Челнок ощутимо накренился, продолжая баллистическое падение. Из моего богатого опыта можно рассчитать время, оставшееся до входа в плотные слои атмосферы. Которые нас на такой траектории, с учётом ветхости челнока, успешно и сожгут.
У нас было около десяти минут.
— Ну, что, дорогая, — криво усмехнулся я Октавии. — Полагаю, наш выход.
Я отстегнулся, всплыл над креслом и, оттолкнувшись, пролетел над пассажирами в нос салона к пилотской кабине. Рисковал, конечно, если гравитация вдруг вернется, свалиться им прямо на головы.
— Вы врач? — дрожащим голоском спросила стюардесса, когда я зацепился за скобы на борту рядом с нею.
— Я? Нет? — улыбнулся я. — А вот она — точно лучший врач на этой планете.
Неловко кувыркаясь, до нас наконец добралась Октавия, я её поймал и притянул к себе.

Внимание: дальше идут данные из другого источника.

(* Let $n\ge1$ and $\bm{N}=(N_0,\ldots,N_{n-1},-\sum_{i=0}^{n-1}N_i)$ with integers $N_i>0$. Let $s_k=\sum_{j=0}^kN_j$ (with $s_{-1}=0$) and for $1\le k\le n$ let \[ c_k=\frac{s_{n-k}}{k}-\frac{s_{n-k-1}}{k+1}=\frac{N_{n-k}}{k+1}+\frac{s_{n-k}}{k(k+1)}. \] Then the uniform average of the vertices of $\mathcal{F}_n(\bm{N})$ is the flow $\bm{f}$ with $f_{ij}=c_{n-i}$ for all $0\le i<j\le n$. (Equivalently, in the $n\times n$ matrix form the row $i$ entries $a_{ij}$ with $i+j\le n-1$ equal $c_{n-i}$, and the entry $a_{k',n-k'}$ for $1\le k'\le n-1$ in the row with label $k=n-k'$ equals $b_k=\frac{k}{k+1}s_{n-k-1}$.)
   Context: $\mathcal{F}_n(\bm{N})$ is the polytope of $\bm{f}=(f_{ij})_{0\le i<j\le n}\in\mathbb{R}_{\ge0}^{\binom{n+1}{2}}$ with $\sum_{j>i} f_{ij}-\sum_{k<i} f_{ki}=N_i$ for every $i\in\{0,\ldots,n\}$. The uniform average of vertices is the arithmetic mean of its (finitely many) vertices. The matrix form of $\bm f$ is $(a_{ij})_{0\le i,j\le n-1}$ with $a_{ij}=f_{i,n-j}$ for $i+j\le n-1$, $a_{i,n-i}=\sum_{k<i}(N_k-f_{k,i})$ for $1\le i\le n-1$, zero otherwise. *)

theory Defs
  imports Complex_Main
begin

text \<open>A flow on the complete graph with vertices 0..n is represented as a function
  f :: nat => nat => real whose value f i j is the flow on edge (i,j), i<j<=n;
  outside these pairs f is required to be 0, so the ambient space is the
  coordinate space indexed by {(i,j). i<j<=n}.\<close>

definition flow_polytope :: "nat \<Rightarrow> (nat \<Rightarrow> int) \<Rightarrow> (nat \<Rightarrow> nat \<Rightarrow> real) set" where
  "flow_polytope n N = {f.
     (\<forall>i j. \<not> (i < j \<and> j \<le> n) \<longrightarrow> f i j = 0) \<and>
     (\<forall>i j. i < j \<and> j \<le> n \<longrightarrow> f i j \<ge> 0) \<and>
     (\<forall>i\<le>n. (\<Sum>j\<in>{i<..n}. f i j) - (\<Sum>k<i. f k i) = real_of_int (N i))}"

definition vertices :: "(nat \<Rightarrow> nat \<Rightarrow> real) set \<Rightarrow> (nat \<Rightarrow> nat \<Rightarrow> real) set" where
  "vertices P = {f \<in> P. \<not> (\<exists>g\<in>P. \<exists>h\<in>P. g \<noteq> h \<and>
       (\<exists>t::real. 0 < t \<and> t < 1 \<and> f = (\<lambda>i j. t * g i j + (1 - t) * h i j)))}"
(* Let $n\geq 2$ be an integer and $V$ a $\mathbb{Q}[\operatorname{SL}_2(\mathbb{Z})]$-module of length $\leq n$. Suppose that for all $k = 1,\dots, n$ one has in $\operatorname{End} V$: \[\frac{1}{(n-k)!}\,w x^{n-k} w x^{n-1} = \frac{(-1)^{n-k}}{(k-1)!}\, x^{k-1} w x^{n-1}.\] Then $V$ has a $\mathbb{Q}[\operatorname{SL}_2(\mathbb{Z})]$-submodule $V_\top$ such that $V/V_\top$ has length $\leq n-1$, and $V_\top \simeq \bigoplus_I \mathbb{Q}\otimes_\mathbb{Z}\operatorname{Sym}^{n-1} \operatorname{Nat} \operatorname{SL}_2(\mathbb{Z})$ as $\mathbb{Q}[\operatorname{SL}_2(\mathbb{Z})]$-modules, for some index set $I$.
   Context: Let $u = \begin{pmatrix}1 & 1 \\ 0 & 1\end{pmatrix}$ and $w = \begin{pmatrix}0 & 1 \\ -1 & 0 \end{pmatrix}$ in $\operatorname{SL}_2(\mathbb{Z})$. The length of an $\operatorname{SL}_2(\mathbb{Z})$-module $V$ is the least $k$ with $(u-1)^k\cdot V = 0$. For a $\mathbb{Q}[\operatorname{SL}_2(\mathbb{Z})]$-module of finite length, $x = \log u = \sum_{k \geq 1} (-1)^{k+1}\frac{(u-1)^k}{k}\in\operatorname{End} V$ (a finite sum). $\mathbb{Q}\otimes_\mathbb{Z}\operatorname{Sym}^{n-1}\operatorname{Nat}\operatorname{SL}_2(\mathbb{Z})$ is the $\mathbb{Q}$-space of homogeneous polynomials of degree $n-1$ in $X,Y$ with the substitution action of $\operatorname{SL}_2(\mathbb{Z})\le\operatorname{SL}_2(\mathbb{Q})$. *)

theory Defs
  imports "HOL-Analysis.Analysis"
begin

definition SL2Z :: "(int^2^2) set" where
  "SL2Z = {A. det A = 1}"

text \<open>u = [[1,1],[0,1]] and w = [[0,1],[-1,0]]; entry A $ i $ j is row i, column j.\<close>
definition mat_u :: "int^2^2" where
  "mat_u = (\<chi> i j. if i = j then 1 else if i = 1 \<and> j = 2 then 1 else 0)"

definition mat_w :: "int^2^2" where
  "mat_w = (\<chi> i j. if i = 1 \<and> j = 2 then 1 else if i = 2 \<and> j = 1 then -1 else 0)"

definition sl2_rep :: "(rat \<Rightarrow> 'v::ab_group_add \<Rightarrow> 'v) \<Rightarrow> (int^2^2 \<Rightarrow> 'v \<Rightarrow> 'v) \<Rightarrow> bool" where
  "sl2_rep smul rho \<longleftrightarrow>
     vector_space smul \<and>
     (\<forall>A\<in>SL2Z. Vector_Spaces.linear smul smul (rho A)) \<and>
     rho (mat 1) = id \<and>
     (\<forall>A\<in>SL2Z. \<forall>B\<in>SL2Z. rho (A ** B) = rho A \<circ> rho B)"

definition u_minus_1 :: "(int^2^2 \<Rightarrow> 'v \<Rightarrow> 'v) \<Rightarrow> 'v \<Rightarrow> 'v::ab_group_add" where
  "u_minus_1 rho = (\<lambda>v. rho mat_u v - v)"

definition rep_length :: "(int^2^2 \<Rightarrow> 'v::ab_group_add \<Rightarrow> 'v) \<Rightarrow> nat" where
  "rep_length (rho :: int^2^2 \<Rightarrow> 'v::ab_group_add \<Rightarrow> 'v) = (LEAST k. \<forall>v. (u_minus_1 rho ^^ k) v = 0)"

text \<open>x = log u = sum_{k>=1} (-1)^(k+1) (u-1)^k / k, a finite sum (terms with k > length vanish).\<close>
definition log_u :: "(rat \<Rightarrow> 'v \<Rightarrow> 'v) \<Rightarrow> (int^2^2 \<Rightarrow> 'v \<Rightarrow> 'v) \<Rightarrow> 'v \<Rightarrow> 'v::ab_group_add" where
  "log_u smul rho = (\<lambda>v. \<Sum>k\<in>{1..rep_length rho}.
      smul ((-1) ^ (k + 1) / of_nat k) ((u_minus_1 rho ^^ k) v))"

definition sl2_submodule :: "(rat \<Rightarrow> 'v \<Rightarrow> 'v) \<Rightarrow> (int^2^2 \<Rightarrow> 'v \<Rightarrow> 'v) \<Rightarrow> 'v::ab_group_add set \<Rightarrow> bool" where
  "sl2_submodule smul rho S \<longleftrightarrow>
     module.subspace smul S \<and> (\<forall>A\<in>SL2Z. \<forall>v\<in>S. rho A v \<in> S)"

text \<open>Q (x) Sym^d Nat: homogeneous polynomials of degree d in X, Y over Q, represented by
  their polynomial functions Q^2 -> Q (faithful since Q is infinite).\<close>
definition hom_poly :: "nat \<Rightarrow> (rat \<times> rat \<Rightarrow> rat) set" where
  "hom_poly d = {f. \<exists>c :: nat \<Rightarrow> rat. \<forall>x y. f (x, y) = (\<Sum>i\<le>d. c i * x ^ i * y ^ (d - i))}"

definition subst_act :: "int^2^2 \<Rightarrow> (rat \<times> rat \<Rightarrow> rat) \<Rightarrow> (rat \<times> rat \<Rightarrow> rat)" where
  "subst_act g P = (\<lambda>(x, y). P (of_int (g$1$1) * x + of_int (g$2$1) * y,
                              of_int (g$1$2) * x + of_int (g$2$2) * y))"

definition dsum_sym :: "nat \<Rightarrow> 'i set \<Rightarrow> ('i \<Rightarrow> rat \<times> rat \<Rightarrow> rat) set" where
  "dsum_sym d I = {F. (\<forall>i. F i \<in> hom_poly d) \<and> (\<forall>i. i \<notin> I \<longrightarrow> F i = (\<lambda>_. 0))
                      \<and> finite {i. F i \<noteq> (\<lambda>_. 0)}}"

definition iso_to_dsum_sym ::
  "(rat \<Rightarrow> 'v \<Rightarrow> 'v) \<Rightarrow> (int^2^2 \<Rightarrow> 'v \<Rightarrow> 'v) \<Rightarrow> 'v::ab_group_add set \<Rightarrow> nat \<Rightarrow> 'i set
     \<Rightarrow> ('v \<Rightarrow> 'i \<Rightarrow> rat \<times> rat \<Rightarrow> rat) \<Rightarrow> bool" where
  "iso_to_dsum_sym smul rho S d I \<phi> \<longleftrightarrow>
     bij_betw \<phi> S (dsum_sym d I) \<and>
     (\<forall>v\<in>S. \<forall>v'\<in>S. \<phi> (v + v') = (\<lambda>i p. \<phi> v i p + \<phi> v' i p)) \<and>
     (\<forall>c. \<forall>v\<in>S. \<phi> (smul c v) = (\<lambda>i p. c * \<phi> v i p)) \<and>
     (\<forall>A\<in>SL2Z. \<forall>v\<in>S. \<phi> (rho A v) = (\<lambda>i. subst_act A (\<phi> v i)))"

end

theory Submission
  imports Defs "HOL-Computational_Algebra.Formal_Power_Series" "HOL-Computational_Algebra.Polynomial"
begin

text \<open>Let \<open>d = n - 1\<close> and let \<open>B\<close> be a basis of the image of \<open>x\<^sup>d\<close>. Since \<open>u - 1\<close> is a power
  series in \<open>x\<close> with invertible quotient by \<open>x\<close>, the image of \<open>(u - 1)\<^sup>d\<close> lies in the span of \<open>B\<close>.
  For \<open>b \<in> B\<close> the vectors \<open>x\<^sup>i w b\<close> (\<open>i \<le> d\<close>) span a copy of \<open>Sym\<^sup>d\<close>: \<open>u = exp x\<close> acts on
  them like the substitution \<open>Y \<mapsto> X + Y\<close>, and the hypothesis says exactly that \<open>w\<close> acts like
  \<open>(X, Y) \<mapsto> (-Y, X)\<close>; as \<open>u\<close> and \<open>w\<close> generate \<open>SL\<^sub>2(\<int>)\<close>, this is an isomorphism of modules.
  The sum of these copies is direct because \<open>x\<^sup>d w b = d! w\<^sup>2 b\<close>, \<open>w\<close> is invertible and \<open>B\<close> is
  independent, and it contains \<open>B = w\<^sup>4 B\<close>.\<close>

section \<open>Generators of \<open>SL\<^sub>2(\<int>)\<close>\<close>

lemma matrix_mult_2_nth:
  "((A::'a::comm_ring_1^2^2) ** B) $ i $ j = A$i$1 * B$1$j + A$i$2 * B$2$j"
  by (simp add: matrix_matrix_mult_def sum_2)

lemma mat2_eqI:
  "(A::'a^2^2)$1$1 = B$1$1 \<Longrightarrow> A$1$2 = B$1$2 \<Longrightarrow> A$2$1 = B$2$1 \<Longrightarrow> A$2$2 = B$2$2 \<Longrightarrow> A = B"
  by (simp add: vec_eq_iff forall_2)

lemma mat_u_nth [simp]: "mat_u$1$1 = 1" "mat_u$1$2 = 1" "mat_u$2$1 = 0" "mat_u$2$2 = 1"
  by (simp_all add: mat_u_def)

lemma mat_w_nth [simp]: "mat_w$1$1 = 0" "mat_w$1$2 = 1" "mat_w$2$1 = -1" "mat_w$2$2 = 0"
  by (simp_all add: mat_w_def)

lemma mat_1_nth [simp]:
  "(mat 1::int^2^2)$1$1 = 1" "(mat 1::int^2^2)$1$2 = 0" "(mat 1::int^2^2)$2$1 = 0" "(mat 1::int^2^2)$2$2 = 1"
  by (simp_all add: mat_def)

definition shear :: "int \<Rightarrow> int^2^2" where
  "shear q = (\<chi> i j. if i = j then 1 else if i = 1 \<and> j = 2 then q else 0)"

lemma shear_nth [simp]: "shear q$1$1 = 1" "shear q$1$2 = q" "shear q$2$1 = 0" "shear q$2$2 = 1"
  by (simp_all add: shear_def)

lemma SL2Z_iff: "A \<in> SL2Z \<longleftrightarrow> A$1$1 * A$2$2 - A$1$2 * A$2$1 = 1"
  by (simp add: SL2Z_def det_2)

lemma SL2Z_mult: "A \<in> SL2Z \<Longrightarrow> B \<in> SL2Z \<Longrightarrow> A ** B \<in> SL2Z"
  by (simp add: SL2Z_def det_mul)

lemma mat_u_SL2Z: "mat_u \<in> SL2Z" and mat_w_SL2Z: "mat_w \<in> SL2Z" and mat_1_SL2Z: "mat 1 \<in> SL2Z"
  by (simp_all add: SL2Z_iff)

inductive uw_generated :: "int^2^2 \<Rightarrow> bool" where
  one: "uw_generated (mat 1)"
| u: "uw_generated A \<Longrightarrow> uw_generated (mat_u ** A)"
| w: "uw_generated A \<Longrightarrow> uw_generated (mat_w ** A)"

lemma uw_generated_mult: "uw_generated A \<Longrightarrow> uw_generated B \<Longrightarrow> uw_generated (A ** B)"
  by (induction A rule: uw_generated.induct)
    (auto simp flip: matrix_mul_assoc intro: uw_generated.intros)

lemma uw_generated_SL2Z: "uw_generated A \<Longrightarrow> A \<in> SL2Z"
  by (induction rule: uw_generated.induct) (auto intro: SL2Z_mult mat_u_SL2Z mat_w_SL2Z mat_1_SL2Z)

lemma uw_generated_shear: "uw_generated (shear q)"
proof (induction q rule: int_induct[where k = 0])
  case base
  have "shear 0 = mat 1" by (rule mat2_eqI) simp_all
  then show ?case by (simp add: uw_generated.one)
next
  case (step1 q)
  have "shear (q + 1) = mat_u ** shear q" by (rule mat2_eqI) (simp_all add: matrix_mult_2_nth)
  then show ?case using step1 by (simp add: uw_generated.u)
next
  case (step2 q)
  have "shear (q - 1) = mat_w ** (mat_u ** (mat_w ** (mat_u ** (mat_w ** shear q))))"
    by (rule mat2_eqI) (simp_all add: matrix_mult_2_nth)
  then show ?case using step2 by (simp add: uw_generated.intros)
qed

text \<open>Euclid's algorithm: left multiplication by \<open>w u\<^sup>-\<^sup>q\<close>, \<open>q = a div c\<close>, replaces the lower left
  entry \<open>c\<close> by \<open>-(a mod c)\<close>, where \<open>a\<close> is the upper left entry.\<close>
lemma SL2Z_uw_generated: "A \<in> SL2Z \<Longrightarrow> uw_generated A"
proof (induction "nat \<bar>A$2$1\<bar>" arbitrary: A rule: less_induct)
  case (less A)
  then have det: "A$1$1 * A$2$2 - A$1$2 * A$2$1 = 1" by (simp add: SL2Z_iff)
  show ?case
  proof (cases "A$2$1 = 0")
    case True
    then have "A$1$1 * A$2$2 = 1" using det by simp
    then consider "A$1$1 = 1" "A$2$2 = 1" | "A$1$1 = -1" "A$2$2 = -1"
      using zmult_eq_1_iff by blast
    then show ?thesis
    proof cases
      case 1
      have "A = shear (A$1$2)" by (rule mat2_eqI) (use 1 True in simp_all)
      then show ?thesis by (metis uw_generated_shear)
    next
      case 2
      have "A = mat_w ** (mat_w ** shear (- A$1$2))"
        by (rule mat2_eqI) (use 2 True in \<open>simp_all add: matrix_mult_2_nth\<close>)
      then show ?thesis by (metis uw_generated.w uw_generated_shear)
    qed
  next
    case False
    define q where "q = A$1$1 div A$2$1"
    define A' where "A' = mat_w ** (shear (- q) ** A)"
    have "A'$2$1 = - (A$1$1 mod A$2$1)"
      by (simp add: A'_def q_def matrix_mult_2_nth minus_div_mult_eq_mod[symmetric] algebra_simps)
    moreover have "\<bar>A$1$1 mod A$2$1\<bar> < \<bar>A$2$1\<bar>"
      using False by (rule abs_mod_less)
    moreover have "A' \<in> SL2Z" using less.prems
      by (simp add: A'_def SL2Z_iff matrix_mult_2_nth algebra_simps det)
    ultimately have "uw_generated A'" by (intro less.hyps) auto
    moreover have "A = shear q ** (mat_w ** (mat_w ** (mat_w ** A')))"
      unfolding A'_def by (rule mat2_eqI) (simp_all add: matrix_mult_2_nth algebra_simps)
    ultimately show ?thesis by (metis uw_generated_mult uw_generated.w uw_generated_shear)
  qed
qed

lemma SL2Z_induct [consumes 1, case_names one u w]:
  assumes "A \<in> SL2Z" and "P (mat 1)"
    and "\<And>A. A \<in> SL2Z \<Longrightarrow> P A \<Longrightarrow> P (mat_u ** A)"
    and "\<And>A. A \<in> SL2Z \<Longrightarrow> P A \<Longrightarrow> P (mat_w ** A)"
  shows "P A"
  using SL2Z_uw_generated[OF assms(1)]
  by (induction rule: uw_generated.induct) (use assms(2-4) uw_generated_SL2Z in blast)+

— Кажется в тебе на самую малость больше массы, чем обычно бывает у девушек твоего сложения, — усмехнулся я, за что заслужил возмущенные взгляд не только от Октавии, но и почему-то от стюардессы.
Мой сосед по месту, кстати, тоже отстегнулся и перебрался по борту к нам. Плюс ему за неравнодушие.
Я повернулся к стюардессе:
— Показывайте. Что у вас тут?
А у нас тут было расслоение аорты. Пожилой пилот захлебывался кровью, выпуская в автономный полет алые шарики. Нда, распространенное последствия постоянных перегрузок. И полное отсутствие пилотской медкомиссии.
Общими усилиями мы вытащили его из кресла.
— Займись им, Октавия — приказал я. — А я займусь кораблем.
Так, ну что тут у нас? Стандартная навигационная схема. Так-так…
Ага, понятно, как только пилот вырубился, бортовой кибермозг тут же перевел все системы в режим ожидания. Момент не самый подходящий для такого решения, но кибермозги на таких старых кораблях смерти не боятся.
Я сел в кресло пилота, и тут же получил отказ.
— Ваш пилотский доступ просрочен на тридцать шесть тысяч… — пробормотал кибермозг.
Голос был старческий, ворчливый.
— Да я как бы в курсе, — раздраженно перебил я, не давая закончить фразу и пробуя оживить управление. — Мы следуем аварийным маршрутом, дай мне ручное управление!
— Ваша пилотская квалификация не подходит к данному типу транспорта, — нашел кибермозг новый повод для отказа.
— Эй там! — я обернулся назад. — Спросите в салоне, есть ещё пилоты на борту? Нет? У тебя нет выбора, железяка, дай мне доступ!
— Вы не являетесь владельцем транспортного средства.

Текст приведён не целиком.